- [Material supplied]:
------------------------

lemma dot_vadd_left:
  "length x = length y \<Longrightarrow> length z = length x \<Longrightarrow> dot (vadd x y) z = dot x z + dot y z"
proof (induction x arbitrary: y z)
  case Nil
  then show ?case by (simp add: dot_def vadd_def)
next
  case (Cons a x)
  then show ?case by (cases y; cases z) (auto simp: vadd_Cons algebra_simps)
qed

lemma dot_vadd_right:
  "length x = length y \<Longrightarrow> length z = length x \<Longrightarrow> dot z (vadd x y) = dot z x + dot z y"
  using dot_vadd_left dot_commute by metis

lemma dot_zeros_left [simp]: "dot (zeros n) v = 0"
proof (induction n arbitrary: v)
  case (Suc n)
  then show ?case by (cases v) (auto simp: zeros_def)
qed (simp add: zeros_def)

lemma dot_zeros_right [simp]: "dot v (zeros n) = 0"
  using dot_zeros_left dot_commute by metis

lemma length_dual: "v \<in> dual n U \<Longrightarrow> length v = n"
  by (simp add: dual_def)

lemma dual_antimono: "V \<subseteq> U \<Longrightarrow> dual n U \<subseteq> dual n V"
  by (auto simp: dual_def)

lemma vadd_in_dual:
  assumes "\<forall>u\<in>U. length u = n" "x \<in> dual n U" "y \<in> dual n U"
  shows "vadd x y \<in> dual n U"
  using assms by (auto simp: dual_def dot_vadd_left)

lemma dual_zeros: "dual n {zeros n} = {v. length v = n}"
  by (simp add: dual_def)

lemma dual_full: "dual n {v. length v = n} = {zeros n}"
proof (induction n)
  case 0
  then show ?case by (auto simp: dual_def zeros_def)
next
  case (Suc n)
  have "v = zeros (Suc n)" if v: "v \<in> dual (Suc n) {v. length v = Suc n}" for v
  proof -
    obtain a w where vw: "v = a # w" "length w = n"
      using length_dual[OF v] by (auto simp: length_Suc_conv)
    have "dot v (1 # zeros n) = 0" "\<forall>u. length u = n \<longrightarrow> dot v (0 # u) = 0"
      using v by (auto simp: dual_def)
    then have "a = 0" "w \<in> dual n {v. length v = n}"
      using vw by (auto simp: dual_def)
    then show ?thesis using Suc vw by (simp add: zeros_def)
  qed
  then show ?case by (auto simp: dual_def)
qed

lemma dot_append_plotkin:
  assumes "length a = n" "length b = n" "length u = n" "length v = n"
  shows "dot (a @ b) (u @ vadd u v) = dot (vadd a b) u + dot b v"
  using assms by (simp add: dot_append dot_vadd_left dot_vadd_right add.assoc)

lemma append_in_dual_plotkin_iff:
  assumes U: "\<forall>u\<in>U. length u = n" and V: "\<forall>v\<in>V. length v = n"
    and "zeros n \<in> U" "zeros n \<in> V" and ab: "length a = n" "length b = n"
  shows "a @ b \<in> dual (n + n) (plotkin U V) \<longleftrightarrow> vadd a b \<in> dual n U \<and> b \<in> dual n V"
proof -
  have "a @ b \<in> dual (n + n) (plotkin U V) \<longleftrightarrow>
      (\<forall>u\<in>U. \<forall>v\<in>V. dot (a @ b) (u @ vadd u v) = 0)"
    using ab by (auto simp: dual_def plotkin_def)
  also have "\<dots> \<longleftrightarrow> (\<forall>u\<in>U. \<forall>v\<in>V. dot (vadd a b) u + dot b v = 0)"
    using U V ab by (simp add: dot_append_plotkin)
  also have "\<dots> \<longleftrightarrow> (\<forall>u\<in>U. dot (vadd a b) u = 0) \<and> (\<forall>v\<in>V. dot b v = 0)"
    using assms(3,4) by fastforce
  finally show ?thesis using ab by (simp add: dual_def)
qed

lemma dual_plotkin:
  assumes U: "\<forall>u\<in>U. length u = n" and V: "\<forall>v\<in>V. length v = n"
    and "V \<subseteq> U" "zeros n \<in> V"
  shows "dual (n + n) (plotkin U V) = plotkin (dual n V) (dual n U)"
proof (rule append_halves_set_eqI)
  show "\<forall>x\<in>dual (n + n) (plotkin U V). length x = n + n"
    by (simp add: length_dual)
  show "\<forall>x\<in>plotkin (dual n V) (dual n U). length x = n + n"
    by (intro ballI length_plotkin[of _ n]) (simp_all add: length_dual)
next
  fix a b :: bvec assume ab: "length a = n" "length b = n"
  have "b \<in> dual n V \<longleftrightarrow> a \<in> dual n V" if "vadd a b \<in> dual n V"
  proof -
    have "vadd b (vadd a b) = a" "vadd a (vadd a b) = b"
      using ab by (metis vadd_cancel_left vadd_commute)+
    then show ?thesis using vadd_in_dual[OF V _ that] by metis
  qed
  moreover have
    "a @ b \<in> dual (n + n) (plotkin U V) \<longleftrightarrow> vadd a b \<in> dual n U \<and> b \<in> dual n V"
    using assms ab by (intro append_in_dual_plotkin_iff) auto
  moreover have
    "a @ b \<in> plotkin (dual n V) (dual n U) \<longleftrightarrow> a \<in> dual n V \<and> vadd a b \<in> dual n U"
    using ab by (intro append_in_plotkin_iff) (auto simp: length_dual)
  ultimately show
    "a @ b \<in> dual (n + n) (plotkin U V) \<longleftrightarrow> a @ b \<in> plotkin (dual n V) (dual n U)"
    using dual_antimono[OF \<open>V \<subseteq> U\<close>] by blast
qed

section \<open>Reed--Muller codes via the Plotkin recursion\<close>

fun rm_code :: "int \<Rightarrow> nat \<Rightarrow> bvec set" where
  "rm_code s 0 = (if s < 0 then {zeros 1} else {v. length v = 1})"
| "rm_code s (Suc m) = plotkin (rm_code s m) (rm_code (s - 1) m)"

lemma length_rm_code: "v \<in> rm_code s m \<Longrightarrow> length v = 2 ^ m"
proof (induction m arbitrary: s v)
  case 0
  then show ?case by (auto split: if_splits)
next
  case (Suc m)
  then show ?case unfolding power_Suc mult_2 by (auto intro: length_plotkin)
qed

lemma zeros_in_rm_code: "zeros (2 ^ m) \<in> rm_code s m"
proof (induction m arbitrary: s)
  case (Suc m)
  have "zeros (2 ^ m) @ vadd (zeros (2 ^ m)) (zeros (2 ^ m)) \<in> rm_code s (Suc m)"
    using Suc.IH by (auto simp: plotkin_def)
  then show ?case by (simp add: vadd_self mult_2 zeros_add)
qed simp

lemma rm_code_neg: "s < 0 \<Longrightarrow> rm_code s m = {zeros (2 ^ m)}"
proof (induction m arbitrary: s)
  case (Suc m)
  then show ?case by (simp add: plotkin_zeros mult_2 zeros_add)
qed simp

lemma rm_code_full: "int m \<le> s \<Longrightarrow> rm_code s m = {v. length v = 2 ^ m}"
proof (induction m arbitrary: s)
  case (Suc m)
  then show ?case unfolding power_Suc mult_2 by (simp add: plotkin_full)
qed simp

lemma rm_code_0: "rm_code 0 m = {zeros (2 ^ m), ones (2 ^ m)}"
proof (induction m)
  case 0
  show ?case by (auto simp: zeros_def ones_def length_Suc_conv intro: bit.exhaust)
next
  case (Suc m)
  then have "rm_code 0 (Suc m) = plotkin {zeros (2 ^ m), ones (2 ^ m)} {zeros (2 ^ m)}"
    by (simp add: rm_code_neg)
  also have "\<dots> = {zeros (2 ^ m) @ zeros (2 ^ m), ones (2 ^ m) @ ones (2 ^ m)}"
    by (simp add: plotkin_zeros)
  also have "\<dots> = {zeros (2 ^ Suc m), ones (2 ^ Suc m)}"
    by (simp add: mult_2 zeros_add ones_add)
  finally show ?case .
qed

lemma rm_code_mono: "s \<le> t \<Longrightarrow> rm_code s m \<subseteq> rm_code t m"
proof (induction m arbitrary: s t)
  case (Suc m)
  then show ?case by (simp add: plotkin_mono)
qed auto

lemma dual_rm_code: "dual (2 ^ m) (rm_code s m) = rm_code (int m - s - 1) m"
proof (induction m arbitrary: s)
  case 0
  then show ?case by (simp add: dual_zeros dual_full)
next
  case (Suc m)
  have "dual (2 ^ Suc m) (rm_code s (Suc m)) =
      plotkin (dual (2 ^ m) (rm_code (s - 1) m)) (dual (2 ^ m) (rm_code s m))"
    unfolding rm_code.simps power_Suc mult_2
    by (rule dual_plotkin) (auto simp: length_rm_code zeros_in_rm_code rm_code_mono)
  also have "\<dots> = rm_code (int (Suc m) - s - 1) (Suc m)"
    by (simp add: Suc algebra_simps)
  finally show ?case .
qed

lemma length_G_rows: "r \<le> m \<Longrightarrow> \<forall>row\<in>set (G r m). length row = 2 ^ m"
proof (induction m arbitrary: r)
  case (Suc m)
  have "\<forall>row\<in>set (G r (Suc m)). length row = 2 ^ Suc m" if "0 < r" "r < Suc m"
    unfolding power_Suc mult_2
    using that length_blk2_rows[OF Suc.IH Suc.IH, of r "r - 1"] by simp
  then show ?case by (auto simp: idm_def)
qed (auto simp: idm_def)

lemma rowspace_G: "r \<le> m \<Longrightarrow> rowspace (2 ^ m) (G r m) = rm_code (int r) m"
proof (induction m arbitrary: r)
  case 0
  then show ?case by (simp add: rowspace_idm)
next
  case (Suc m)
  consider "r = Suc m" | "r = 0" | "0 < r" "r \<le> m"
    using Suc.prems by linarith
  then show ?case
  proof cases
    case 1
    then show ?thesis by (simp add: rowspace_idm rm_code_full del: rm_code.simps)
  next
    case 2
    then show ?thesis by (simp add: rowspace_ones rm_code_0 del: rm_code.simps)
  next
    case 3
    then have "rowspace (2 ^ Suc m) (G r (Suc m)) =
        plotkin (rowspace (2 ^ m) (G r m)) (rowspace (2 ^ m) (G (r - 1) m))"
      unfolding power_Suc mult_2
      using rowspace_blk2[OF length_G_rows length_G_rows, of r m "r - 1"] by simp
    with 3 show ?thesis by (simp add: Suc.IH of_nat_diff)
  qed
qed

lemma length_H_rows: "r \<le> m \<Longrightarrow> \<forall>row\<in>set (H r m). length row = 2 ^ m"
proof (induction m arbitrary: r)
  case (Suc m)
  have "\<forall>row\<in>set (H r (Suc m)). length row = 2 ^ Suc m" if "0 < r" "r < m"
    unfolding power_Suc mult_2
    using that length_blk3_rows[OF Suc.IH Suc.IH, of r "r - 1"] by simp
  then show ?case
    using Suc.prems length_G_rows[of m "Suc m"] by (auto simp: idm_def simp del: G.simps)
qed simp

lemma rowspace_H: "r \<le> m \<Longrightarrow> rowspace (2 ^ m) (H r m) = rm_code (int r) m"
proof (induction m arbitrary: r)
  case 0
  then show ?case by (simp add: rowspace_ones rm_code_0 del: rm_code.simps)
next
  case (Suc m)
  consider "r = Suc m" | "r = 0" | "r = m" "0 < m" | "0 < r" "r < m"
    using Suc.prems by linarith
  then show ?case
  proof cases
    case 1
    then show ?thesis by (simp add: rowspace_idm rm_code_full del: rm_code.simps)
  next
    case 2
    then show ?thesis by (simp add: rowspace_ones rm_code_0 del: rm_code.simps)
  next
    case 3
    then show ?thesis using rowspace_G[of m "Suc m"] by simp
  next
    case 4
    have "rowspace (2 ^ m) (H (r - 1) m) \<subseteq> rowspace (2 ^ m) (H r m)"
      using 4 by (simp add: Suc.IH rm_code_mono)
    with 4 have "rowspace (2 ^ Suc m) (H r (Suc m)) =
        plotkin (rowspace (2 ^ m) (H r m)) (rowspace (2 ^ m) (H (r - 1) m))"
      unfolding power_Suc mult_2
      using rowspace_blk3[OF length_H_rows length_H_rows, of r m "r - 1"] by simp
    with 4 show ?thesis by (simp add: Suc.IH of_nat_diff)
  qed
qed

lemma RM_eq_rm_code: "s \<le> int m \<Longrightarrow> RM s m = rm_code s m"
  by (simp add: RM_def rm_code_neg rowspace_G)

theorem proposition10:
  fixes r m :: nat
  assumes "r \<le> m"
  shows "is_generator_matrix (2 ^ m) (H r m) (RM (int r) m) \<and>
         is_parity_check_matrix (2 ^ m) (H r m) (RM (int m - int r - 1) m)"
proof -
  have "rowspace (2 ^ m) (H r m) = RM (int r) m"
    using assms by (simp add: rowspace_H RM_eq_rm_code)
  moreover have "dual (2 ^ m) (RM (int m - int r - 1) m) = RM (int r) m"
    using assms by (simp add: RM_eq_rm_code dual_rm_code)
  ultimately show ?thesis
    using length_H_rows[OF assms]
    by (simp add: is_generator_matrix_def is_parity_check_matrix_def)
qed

------------------------

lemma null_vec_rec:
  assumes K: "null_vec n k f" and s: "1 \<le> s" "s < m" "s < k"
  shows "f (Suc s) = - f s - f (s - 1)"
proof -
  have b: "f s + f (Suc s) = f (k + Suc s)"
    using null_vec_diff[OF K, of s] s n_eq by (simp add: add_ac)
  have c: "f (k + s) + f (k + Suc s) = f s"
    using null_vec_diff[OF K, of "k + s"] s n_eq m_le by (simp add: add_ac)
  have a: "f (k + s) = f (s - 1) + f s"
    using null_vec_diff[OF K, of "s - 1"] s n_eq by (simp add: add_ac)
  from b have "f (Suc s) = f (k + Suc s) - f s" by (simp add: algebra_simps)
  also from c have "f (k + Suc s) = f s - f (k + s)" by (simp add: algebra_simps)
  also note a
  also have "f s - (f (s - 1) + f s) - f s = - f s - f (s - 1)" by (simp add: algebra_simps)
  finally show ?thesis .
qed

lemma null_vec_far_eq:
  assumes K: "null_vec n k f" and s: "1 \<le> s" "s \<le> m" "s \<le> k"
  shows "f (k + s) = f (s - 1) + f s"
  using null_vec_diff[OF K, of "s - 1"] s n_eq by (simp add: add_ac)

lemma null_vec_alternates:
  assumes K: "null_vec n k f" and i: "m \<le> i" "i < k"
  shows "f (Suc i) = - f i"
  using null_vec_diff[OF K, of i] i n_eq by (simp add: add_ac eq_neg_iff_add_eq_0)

------------------------

- [Work order]: Whenever a line includes the word "metis", pull it out of the entries.

- [Result below]:
  using dot_vadd_left dot_commute by metis
  using dot_zeros_left dot_commute by metis
      using ab by (metis vadd_cancel_left vadd_commute)+
    then show ?thesis using vadd_in_dual[OF V _ that] by metis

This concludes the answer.